- _WORK REQUEST_: In how many lines of the entries below does "same" appear? Give only the number.

(Items from a data source)
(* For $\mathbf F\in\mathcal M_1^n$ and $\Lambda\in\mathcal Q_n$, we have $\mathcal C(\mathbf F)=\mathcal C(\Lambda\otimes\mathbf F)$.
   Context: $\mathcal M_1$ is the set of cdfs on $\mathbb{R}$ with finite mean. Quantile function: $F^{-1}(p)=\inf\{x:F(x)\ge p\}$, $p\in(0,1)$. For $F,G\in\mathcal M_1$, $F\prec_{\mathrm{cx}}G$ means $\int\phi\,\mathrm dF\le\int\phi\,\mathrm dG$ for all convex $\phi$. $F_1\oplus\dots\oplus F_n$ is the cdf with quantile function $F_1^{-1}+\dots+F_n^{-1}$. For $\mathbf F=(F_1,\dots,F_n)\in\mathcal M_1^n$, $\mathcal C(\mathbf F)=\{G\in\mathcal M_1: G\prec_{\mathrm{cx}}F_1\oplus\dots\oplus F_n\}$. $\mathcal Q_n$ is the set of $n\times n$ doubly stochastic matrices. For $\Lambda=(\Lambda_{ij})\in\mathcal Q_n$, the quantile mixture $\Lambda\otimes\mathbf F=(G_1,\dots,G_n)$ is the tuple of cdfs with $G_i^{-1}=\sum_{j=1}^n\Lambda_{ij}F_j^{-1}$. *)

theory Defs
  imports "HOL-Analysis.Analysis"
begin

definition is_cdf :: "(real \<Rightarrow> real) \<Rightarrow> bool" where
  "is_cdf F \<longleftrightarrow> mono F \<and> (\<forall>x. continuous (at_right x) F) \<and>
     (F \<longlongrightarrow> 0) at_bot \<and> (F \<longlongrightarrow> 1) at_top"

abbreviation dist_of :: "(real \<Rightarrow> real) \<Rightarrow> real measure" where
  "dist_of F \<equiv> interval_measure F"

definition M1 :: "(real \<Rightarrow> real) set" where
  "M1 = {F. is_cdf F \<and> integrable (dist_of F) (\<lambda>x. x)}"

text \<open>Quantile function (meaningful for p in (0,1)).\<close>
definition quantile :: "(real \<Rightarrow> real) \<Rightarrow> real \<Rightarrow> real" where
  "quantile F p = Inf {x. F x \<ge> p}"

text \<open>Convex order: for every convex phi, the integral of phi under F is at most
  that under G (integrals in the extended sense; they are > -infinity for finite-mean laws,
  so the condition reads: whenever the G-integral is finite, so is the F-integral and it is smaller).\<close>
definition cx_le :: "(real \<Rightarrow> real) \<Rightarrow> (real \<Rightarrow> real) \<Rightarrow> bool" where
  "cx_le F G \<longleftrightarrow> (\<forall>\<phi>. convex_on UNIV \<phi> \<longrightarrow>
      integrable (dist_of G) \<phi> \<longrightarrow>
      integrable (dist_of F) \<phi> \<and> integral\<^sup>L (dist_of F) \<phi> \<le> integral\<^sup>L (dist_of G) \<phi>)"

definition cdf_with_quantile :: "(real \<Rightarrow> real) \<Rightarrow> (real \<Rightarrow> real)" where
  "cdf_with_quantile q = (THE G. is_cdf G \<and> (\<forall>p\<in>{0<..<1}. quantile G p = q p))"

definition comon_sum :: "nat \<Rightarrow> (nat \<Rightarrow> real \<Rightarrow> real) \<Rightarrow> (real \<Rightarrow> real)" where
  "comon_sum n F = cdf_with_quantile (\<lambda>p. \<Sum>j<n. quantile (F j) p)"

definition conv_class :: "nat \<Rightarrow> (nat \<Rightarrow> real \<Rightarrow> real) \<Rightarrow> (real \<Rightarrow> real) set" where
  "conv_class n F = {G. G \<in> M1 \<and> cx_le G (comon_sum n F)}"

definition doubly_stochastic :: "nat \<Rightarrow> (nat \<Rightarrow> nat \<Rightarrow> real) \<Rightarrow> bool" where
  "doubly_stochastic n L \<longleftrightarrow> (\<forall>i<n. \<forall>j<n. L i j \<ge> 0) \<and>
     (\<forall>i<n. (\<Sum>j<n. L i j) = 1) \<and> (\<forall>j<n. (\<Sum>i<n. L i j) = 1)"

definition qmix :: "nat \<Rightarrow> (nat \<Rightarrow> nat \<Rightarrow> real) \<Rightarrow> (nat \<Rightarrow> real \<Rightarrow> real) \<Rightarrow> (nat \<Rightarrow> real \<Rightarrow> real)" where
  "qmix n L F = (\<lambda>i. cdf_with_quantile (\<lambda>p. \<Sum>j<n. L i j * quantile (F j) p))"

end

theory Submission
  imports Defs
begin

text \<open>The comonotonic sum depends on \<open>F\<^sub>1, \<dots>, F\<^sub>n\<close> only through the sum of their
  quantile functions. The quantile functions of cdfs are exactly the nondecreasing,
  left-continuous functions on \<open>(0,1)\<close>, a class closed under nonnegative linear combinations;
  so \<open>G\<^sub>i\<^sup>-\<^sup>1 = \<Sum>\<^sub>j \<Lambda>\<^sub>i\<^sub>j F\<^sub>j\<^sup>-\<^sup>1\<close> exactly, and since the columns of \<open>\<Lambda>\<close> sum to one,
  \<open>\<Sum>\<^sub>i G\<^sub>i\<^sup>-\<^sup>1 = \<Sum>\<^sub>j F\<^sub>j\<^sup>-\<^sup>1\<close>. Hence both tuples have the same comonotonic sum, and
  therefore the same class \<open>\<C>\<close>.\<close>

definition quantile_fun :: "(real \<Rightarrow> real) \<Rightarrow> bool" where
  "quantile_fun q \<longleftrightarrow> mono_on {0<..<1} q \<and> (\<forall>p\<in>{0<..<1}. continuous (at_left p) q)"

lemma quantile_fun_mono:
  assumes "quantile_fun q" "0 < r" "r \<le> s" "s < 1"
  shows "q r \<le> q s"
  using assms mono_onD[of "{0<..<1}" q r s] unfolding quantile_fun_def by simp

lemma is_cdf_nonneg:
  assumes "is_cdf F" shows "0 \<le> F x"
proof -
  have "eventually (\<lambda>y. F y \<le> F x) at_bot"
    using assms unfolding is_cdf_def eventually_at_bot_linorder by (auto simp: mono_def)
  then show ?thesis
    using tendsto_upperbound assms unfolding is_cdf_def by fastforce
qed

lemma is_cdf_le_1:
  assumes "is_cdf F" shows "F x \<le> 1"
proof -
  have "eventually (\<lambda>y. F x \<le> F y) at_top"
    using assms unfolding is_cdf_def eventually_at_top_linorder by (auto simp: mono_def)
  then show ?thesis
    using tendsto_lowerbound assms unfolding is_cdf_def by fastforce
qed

- _SOLVED EXERCISE_: 2